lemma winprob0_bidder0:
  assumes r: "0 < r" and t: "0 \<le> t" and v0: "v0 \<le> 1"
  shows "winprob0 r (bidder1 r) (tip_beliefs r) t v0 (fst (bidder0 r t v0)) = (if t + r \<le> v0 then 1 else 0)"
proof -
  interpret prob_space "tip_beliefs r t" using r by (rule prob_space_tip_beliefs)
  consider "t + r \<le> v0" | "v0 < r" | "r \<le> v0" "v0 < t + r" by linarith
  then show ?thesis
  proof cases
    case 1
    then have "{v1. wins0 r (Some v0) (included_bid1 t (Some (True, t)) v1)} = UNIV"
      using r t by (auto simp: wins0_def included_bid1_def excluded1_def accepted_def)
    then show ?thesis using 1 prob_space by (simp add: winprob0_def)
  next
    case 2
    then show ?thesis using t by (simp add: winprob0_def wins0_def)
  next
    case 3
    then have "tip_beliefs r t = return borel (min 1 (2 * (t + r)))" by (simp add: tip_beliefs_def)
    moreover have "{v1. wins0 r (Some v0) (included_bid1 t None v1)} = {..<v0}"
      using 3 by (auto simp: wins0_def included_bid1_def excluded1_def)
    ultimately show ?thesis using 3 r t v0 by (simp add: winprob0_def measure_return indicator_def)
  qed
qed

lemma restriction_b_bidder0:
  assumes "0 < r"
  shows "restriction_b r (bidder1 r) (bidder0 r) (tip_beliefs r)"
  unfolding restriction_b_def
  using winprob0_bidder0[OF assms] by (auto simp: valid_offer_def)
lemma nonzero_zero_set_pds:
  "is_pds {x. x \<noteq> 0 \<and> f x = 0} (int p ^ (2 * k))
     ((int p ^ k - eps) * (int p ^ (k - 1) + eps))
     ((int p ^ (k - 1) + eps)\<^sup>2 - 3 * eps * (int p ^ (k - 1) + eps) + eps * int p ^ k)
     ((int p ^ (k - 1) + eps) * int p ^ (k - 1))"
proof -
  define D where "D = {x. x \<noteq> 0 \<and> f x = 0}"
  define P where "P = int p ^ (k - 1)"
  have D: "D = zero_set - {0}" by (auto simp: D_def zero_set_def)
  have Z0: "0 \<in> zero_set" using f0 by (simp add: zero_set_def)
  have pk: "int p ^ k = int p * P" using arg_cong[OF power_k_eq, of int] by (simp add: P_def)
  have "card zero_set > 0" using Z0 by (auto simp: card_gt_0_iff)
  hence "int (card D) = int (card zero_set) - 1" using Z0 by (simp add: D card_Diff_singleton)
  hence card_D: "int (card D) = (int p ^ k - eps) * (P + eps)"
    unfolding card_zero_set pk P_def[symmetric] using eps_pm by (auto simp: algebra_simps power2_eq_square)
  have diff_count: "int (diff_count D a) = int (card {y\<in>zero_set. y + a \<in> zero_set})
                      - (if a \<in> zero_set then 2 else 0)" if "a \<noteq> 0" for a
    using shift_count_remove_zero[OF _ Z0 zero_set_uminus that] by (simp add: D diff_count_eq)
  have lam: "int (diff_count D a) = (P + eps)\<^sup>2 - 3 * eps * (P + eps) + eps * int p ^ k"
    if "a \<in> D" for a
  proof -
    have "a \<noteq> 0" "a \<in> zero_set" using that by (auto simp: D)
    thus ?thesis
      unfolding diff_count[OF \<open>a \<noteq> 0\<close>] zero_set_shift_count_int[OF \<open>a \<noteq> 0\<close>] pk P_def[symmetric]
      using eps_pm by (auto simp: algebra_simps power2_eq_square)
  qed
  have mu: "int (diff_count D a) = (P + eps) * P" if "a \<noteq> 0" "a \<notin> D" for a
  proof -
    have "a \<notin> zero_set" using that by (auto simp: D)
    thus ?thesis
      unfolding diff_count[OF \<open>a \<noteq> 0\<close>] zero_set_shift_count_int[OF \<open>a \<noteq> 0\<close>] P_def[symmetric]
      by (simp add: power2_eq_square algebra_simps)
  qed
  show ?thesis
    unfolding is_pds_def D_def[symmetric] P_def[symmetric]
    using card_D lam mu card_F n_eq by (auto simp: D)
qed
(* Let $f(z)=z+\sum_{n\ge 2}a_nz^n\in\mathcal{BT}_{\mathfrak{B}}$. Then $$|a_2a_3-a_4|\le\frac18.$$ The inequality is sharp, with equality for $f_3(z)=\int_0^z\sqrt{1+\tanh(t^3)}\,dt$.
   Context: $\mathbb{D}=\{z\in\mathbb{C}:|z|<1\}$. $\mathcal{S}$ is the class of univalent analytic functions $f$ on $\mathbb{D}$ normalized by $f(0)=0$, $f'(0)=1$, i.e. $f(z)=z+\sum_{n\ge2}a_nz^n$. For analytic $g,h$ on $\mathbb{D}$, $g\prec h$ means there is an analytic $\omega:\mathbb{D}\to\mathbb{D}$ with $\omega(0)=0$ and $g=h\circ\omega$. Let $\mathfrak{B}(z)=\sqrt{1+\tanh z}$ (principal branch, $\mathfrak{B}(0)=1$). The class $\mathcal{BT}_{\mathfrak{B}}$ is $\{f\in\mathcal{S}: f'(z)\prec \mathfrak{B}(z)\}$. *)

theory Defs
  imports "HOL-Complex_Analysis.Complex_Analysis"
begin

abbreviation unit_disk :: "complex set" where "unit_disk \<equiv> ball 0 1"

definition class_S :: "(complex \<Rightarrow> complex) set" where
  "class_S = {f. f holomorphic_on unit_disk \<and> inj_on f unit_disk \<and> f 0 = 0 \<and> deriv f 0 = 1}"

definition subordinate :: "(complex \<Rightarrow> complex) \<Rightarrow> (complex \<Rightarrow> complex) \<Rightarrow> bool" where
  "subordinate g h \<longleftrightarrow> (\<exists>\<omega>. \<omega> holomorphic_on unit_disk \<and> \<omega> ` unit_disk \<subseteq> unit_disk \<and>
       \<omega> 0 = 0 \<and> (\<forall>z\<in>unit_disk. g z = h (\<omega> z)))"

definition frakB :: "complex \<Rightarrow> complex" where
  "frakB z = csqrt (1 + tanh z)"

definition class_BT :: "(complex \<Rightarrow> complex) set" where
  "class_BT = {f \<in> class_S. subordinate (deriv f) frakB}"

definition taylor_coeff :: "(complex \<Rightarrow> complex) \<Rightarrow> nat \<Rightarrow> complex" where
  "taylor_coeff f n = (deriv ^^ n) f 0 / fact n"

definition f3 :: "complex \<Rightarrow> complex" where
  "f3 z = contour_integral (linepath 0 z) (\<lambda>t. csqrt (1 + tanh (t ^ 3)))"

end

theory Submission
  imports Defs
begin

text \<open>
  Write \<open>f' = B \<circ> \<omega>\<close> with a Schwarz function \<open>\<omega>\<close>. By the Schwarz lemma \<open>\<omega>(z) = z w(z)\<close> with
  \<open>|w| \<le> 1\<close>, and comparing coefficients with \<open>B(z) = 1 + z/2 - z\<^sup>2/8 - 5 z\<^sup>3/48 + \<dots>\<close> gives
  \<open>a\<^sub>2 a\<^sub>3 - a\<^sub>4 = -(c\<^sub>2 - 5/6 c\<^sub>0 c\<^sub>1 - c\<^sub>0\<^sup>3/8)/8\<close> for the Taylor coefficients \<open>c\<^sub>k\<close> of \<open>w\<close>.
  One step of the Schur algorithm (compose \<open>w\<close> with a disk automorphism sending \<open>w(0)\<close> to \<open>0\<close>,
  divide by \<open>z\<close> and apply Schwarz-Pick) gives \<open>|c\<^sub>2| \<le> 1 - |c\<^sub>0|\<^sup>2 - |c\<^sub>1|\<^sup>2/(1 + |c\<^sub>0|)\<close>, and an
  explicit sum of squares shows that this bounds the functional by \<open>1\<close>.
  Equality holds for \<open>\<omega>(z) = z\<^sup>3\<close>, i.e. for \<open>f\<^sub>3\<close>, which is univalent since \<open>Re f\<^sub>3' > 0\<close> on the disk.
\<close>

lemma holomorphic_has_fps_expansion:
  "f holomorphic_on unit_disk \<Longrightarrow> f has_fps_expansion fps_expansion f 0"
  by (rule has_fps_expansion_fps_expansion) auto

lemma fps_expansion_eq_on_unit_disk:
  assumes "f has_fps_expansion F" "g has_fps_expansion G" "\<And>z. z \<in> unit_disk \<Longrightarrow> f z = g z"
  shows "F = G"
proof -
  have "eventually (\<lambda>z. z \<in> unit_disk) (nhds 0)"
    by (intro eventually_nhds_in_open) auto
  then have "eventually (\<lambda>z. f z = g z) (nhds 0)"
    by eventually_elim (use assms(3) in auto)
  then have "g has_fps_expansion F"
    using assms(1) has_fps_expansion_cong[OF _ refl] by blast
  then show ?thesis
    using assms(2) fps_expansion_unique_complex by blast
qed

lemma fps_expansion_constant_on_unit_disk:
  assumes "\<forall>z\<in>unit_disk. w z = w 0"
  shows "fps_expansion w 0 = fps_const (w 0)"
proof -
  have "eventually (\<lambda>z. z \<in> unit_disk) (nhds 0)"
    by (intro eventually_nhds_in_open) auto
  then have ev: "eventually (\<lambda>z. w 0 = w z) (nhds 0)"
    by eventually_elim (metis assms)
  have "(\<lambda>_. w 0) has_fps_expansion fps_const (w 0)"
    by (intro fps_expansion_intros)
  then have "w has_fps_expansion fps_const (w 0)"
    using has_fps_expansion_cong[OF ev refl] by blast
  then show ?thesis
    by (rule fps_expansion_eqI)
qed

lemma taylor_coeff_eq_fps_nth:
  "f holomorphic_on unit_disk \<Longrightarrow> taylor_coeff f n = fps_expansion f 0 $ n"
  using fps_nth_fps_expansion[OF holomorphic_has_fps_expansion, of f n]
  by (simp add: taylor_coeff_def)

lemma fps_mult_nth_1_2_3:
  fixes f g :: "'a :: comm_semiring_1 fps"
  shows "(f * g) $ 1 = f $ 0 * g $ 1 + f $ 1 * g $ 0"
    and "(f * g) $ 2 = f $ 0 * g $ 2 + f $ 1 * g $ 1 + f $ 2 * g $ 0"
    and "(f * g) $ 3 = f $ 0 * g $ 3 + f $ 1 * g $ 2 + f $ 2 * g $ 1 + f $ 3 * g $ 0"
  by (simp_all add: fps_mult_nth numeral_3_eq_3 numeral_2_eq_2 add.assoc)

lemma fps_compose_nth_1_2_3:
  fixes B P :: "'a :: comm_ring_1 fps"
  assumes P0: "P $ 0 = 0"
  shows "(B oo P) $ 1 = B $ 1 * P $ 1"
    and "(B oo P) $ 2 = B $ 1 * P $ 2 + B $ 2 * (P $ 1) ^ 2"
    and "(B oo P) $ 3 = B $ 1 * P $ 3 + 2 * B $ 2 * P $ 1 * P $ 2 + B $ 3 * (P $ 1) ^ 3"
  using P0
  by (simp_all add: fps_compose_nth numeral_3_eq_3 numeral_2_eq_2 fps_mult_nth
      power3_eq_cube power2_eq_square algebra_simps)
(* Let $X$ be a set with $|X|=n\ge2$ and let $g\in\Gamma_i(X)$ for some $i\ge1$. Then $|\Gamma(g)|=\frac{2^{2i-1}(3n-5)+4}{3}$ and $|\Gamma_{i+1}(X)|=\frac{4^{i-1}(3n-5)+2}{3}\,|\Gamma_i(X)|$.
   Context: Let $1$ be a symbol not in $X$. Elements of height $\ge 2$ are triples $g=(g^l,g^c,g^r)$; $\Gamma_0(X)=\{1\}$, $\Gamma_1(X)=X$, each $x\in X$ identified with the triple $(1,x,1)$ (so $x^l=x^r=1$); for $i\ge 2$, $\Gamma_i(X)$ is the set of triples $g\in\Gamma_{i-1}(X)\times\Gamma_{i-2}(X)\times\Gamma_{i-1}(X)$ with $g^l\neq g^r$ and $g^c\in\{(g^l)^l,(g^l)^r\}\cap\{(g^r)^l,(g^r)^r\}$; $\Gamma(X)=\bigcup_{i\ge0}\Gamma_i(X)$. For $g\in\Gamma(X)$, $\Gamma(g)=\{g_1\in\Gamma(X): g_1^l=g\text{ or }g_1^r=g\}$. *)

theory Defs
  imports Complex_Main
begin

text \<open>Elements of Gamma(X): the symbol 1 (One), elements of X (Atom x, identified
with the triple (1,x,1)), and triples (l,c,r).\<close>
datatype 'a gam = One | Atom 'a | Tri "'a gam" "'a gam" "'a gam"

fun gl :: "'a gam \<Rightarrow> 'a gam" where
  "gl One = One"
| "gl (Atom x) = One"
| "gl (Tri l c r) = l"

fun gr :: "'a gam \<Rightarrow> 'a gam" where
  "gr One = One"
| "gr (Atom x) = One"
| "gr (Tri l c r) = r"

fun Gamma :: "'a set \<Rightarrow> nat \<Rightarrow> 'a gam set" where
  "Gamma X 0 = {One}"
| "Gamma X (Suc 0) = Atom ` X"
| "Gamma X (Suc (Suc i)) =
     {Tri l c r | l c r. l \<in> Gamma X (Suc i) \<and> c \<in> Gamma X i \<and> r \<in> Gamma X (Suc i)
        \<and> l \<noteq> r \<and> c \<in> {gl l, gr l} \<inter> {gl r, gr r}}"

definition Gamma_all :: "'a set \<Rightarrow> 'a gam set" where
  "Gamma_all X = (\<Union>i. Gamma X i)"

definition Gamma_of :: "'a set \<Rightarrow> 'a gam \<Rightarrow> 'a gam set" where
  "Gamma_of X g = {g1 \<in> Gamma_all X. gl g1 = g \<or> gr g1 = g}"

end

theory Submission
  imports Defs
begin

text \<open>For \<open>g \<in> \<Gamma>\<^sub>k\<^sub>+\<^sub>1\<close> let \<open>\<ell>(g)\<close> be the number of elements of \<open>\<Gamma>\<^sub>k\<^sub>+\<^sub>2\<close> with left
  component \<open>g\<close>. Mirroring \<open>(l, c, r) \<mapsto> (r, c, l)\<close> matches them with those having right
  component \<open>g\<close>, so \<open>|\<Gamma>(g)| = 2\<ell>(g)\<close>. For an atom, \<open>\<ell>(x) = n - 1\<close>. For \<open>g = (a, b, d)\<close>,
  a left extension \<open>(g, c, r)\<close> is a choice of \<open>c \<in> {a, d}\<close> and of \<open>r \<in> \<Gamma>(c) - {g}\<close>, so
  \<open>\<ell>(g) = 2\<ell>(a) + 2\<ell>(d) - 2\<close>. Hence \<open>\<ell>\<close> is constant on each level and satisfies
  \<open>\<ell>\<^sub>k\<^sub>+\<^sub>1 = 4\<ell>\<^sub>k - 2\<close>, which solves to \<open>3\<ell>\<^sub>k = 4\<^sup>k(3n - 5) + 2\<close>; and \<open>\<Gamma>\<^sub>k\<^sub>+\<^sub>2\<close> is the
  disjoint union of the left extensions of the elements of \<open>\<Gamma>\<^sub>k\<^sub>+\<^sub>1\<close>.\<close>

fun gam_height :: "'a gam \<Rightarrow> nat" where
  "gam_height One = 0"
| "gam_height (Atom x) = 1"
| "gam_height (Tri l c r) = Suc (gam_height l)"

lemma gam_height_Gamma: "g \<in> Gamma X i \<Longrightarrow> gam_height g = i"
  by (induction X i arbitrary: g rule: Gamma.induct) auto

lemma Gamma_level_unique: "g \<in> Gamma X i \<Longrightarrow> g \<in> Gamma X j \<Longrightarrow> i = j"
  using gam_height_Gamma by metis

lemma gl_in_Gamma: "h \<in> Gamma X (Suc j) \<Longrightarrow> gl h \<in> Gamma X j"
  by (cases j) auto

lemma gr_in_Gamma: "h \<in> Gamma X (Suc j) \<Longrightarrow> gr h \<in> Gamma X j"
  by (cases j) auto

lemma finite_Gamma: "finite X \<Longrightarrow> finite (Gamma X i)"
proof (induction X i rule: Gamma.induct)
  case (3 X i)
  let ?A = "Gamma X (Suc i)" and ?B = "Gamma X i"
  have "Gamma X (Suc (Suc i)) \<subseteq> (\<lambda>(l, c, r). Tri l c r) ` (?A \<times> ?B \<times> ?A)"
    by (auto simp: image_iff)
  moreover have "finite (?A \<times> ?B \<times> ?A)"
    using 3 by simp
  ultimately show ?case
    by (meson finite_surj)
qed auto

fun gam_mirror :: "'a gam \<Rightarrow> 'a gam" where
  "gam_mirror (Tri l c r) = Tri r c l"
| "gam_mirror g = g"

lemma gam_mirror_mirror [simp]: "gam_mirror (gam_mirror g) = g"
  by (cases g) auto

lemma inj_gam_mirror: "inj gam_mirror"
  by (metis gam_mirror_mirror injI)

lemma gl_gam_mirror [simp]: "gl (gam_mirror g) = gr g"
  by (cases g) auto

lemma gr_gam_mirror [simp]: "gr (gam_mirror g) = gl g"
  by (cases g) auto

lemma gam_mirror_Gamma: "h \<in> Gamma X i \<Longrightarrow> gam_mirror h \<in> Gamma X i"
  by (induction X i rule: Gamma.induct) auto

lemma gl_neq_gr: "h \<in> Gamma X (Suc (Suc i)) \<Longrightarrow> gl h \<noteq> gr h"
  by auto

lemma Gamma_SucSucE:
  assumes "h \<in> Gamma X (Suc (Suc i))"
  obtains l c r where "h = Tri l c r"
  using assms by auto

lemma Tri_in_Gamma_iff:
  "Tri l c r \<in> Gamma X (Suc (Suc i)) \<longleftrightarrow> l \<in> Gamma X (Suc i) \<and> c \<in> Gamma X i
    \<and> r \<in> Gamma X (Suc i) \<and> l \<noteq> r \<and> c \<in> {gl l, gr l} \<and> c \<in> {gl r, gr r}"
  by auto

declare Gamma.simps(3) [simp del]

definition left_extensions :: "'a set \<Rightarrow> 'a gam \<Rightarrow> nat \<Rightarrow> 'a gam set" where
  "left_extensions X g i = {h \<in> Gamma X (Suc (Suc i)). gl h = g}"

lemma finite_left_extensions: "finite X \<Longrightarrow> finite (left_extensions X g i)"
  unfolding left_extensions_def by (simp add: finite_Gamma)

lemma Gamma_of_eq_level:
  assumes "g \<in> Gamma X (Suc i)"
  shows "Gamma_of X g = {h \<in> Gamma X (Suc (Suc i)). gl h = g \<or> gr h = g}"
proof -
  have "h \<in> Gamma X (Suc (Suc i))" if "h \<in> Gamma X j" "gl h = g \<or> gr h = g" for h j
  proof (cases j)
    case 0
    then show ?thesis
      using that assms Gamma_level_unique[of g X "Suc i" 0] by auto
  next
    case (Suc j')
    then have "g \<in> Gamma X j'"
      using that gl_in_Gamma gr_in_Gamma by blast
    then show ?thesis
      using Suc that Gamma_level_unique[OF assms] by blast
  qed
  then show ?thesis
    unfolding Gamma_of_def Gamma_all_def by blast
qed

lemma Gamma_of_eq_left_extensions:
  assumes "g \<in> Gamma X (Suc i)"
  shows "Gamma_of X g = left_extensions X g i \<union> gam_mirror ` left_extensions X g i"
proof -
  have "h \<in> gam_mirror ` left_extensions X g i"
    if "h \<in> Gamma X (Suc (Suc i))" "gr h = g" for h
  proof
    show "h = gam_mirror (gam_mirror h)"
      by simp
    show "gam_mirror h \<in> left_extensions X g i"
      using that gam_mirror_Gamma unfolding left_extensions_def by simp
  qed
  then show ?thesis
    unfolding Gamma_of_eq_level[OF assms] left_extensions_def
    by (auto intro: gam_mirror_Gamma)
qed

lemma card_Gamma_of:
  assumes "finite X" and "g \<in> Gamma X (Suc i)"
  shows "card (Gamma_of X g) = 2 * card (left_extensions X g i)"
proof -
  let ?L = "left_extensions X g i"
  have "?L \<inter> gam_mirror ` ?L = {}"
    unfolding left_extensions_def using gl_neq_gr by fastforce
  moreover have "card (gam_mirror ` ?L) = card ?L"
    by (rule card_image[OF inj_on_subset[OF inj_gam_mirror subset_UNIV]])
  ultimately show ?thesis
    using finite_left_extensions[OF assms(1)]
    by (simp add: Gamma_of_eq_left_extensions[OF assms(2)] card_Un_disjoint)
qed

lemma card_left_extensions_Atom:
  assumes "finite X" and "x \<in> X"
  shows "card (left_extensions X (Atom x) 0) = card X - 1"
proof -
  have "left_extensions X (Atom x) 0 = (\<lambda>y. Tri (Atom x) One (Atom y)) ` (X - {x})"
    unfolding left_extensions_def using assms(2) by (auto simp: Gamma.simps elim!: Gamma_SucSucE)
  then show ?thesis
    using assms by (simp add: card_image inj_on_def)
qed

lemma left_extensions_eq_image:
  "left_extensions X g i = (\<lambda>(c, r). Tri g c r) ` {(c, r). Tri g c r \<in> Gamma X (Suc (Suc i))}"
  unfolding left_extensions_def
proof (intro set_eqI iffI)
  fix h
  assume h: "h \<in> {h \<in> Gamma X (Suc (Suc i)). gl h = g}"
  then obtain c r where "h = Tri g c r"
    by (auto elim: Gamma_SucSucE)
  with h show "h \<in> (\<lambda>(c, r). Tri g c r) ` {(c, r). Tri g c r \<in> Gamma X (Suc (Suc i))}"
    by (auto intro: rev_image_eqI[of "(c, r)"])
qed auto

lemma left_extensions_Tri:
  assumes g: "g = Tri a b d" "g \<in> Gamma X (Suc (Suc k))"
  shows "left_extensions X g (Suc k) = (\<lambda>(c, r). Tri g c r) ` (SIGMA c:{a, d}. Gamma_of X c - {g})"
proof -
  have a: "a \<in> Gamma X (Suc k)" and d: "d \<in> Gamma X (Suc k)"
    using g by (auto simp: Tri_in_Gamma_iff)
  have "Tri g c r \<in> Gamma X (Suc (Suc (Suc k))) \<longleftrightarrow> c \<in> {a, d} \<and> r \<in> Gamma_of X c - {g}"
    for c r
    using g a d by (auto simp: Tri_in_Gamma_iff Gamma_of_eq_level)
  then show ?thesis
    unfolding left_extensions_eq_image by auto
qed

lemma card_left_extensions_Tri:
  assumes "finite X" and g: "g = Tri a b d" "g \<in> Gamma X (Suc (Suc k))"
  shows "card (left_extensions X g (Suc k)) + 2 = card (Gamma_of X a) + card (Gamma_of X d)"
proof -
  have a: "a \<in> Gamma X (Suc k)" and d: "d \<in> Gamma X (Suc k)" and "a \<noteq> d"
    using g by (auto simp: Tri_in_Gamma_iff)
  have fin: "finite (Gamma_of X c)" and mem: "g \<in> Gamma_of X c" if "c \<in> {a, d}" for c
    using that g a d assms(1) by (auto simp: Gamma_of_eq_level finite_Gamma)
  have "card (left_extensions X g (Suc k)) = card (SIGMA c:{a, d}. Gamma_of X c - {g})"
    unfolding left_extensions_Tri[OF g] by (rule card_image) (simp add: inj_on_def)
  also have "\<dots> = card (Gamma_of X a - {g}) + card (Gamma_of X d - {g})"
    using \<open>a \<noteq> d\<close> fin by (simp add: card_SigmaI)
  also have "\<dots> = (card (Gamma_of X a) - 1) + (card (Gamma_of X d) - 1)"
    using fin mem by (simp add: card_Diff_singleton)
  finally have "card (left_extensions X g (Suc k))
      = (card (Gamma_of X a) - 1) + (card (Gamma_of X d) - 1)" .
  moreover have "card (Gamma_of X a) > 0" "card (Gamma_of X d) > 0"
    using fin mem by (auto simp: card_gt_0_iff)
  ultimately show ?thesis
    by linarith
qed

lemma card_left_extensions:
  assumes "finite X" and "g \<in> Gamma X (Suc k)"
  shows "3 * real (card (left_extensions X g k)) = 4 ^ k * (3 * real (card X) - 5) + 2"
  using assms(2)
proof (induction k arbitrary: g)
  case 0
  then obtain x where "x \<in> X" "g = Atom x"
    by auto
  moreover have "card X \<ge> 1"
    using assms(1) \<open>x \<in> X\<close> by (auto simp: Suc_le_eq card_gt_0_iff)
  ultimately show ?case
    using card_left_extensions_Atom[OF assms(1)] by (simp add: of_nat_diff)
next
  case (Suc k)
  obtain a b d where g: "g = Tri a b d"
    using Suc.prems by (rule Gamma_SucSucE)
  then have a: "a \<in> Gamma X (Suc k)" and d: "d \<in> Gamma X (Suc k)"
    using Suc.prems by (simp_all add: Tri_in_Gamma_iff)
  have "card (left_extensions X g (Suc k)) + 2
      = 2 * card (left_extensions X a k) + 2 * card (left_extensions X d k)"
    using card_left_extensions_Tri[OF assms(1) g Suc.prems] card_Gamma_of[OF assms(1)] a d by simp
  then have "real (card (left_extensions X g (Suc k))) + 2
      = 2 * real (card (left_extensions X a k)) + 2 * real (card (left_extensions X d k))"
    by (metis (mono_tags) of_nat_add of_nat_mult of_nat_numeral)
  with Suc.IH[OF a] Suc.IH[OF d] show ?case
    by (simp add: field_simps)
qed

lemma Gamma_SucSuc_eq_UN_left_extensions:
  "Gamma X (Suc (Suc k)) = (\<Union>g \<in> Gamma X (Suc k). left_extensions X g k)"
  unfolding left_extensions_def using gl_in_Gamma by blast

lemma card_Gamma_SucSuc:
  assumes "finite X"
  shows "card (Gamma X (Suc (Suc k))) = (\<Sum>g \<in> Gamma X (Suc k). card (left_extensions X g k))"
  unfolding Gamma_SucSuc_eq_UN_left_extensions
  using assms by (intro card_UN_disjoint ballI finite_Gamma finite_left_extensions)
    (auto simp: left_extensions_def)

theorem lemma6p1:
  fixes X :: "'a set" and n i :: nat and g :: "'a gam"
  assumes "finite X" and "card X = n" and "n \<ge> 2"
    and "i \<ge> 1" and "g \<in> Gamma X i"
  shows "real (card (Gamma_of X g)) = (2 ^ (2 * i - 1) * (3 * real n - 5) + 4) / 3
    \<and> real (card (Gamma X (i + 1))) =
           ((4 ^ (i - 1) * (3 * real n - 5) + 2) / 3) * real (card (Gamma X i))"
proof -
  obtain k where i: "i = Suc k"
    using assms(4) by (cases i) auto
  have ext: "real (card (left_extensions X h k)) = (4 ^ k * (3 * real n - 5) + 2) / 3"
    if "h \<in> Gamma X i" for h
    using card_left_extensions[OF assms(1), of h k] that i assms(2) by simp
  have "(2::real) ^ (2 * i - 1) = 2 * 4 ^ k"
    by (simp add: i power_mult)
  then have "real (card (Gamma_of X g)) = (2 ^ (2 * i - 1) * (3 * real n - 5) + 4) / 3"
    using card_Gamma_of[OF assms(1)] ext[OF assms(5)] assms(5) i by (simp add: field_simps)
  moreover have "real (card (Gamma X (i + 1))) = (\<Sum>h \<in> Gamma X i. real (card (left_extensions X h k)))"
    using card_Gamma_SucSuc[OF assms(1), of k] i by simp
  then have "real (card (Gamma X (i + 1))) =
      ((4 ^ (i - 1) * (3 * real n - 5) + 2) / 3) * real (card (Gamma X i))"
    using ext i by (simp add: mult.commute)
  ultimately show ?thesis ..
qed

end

□ □ □ □

* WHAT TO PRODUCE:
Please copy every line of the data that carries the string "tanh".

* FINISHED EXERCISE:
(* Let $f(z)=z+\sum_{n\ge 2}a_nz^n\in\mathcal{BT}_{\mathfrak{B}}$. Then $$|a_2a_3-a_4|\le\frac18.$$ The inequality is sharp, with equality for $f_3(z)=\int_0^z\sqrt{1+\tanh(t^3)}\,dt$.
   Context: $\mathbb{D}=\{z\in\mathbb{C}:|z|<1\}$. $\mathcal{S}$ is the class of univalent analytic functions $f$ on $\mathbb{D}$ normalized by $f(0)=0$, $f'(0)=1$, i.e. $f(z)=z+\sum_{n\ge2}a_nz^n$. For analytic $g,h$ on $\mathbb{D}$, $g\prec h$ means there is an analytic $\omega:\mathbb{D}\to\mathbb{D}$ with $\omega(0)=0$ and $g=h\circ\omega$. Let $\mathfrak{B}(z)=\sqrt{1+\tanh z}$ (principal branch, $\mathfrak{B}(0)=1$). The class $\mathcal{BT}_{\mathfrak{B}}$ is $\{f\in\mathcal{S}: f'(z)\prec \mathfrak{B}(z)\}$. *)
  "frakB z = csqrt (1 + tanh z)"
  "f3 z = contour_integral (linepath 0 z) (\<lambda>t. csqrt (1 + tanh (t ^ 3)))"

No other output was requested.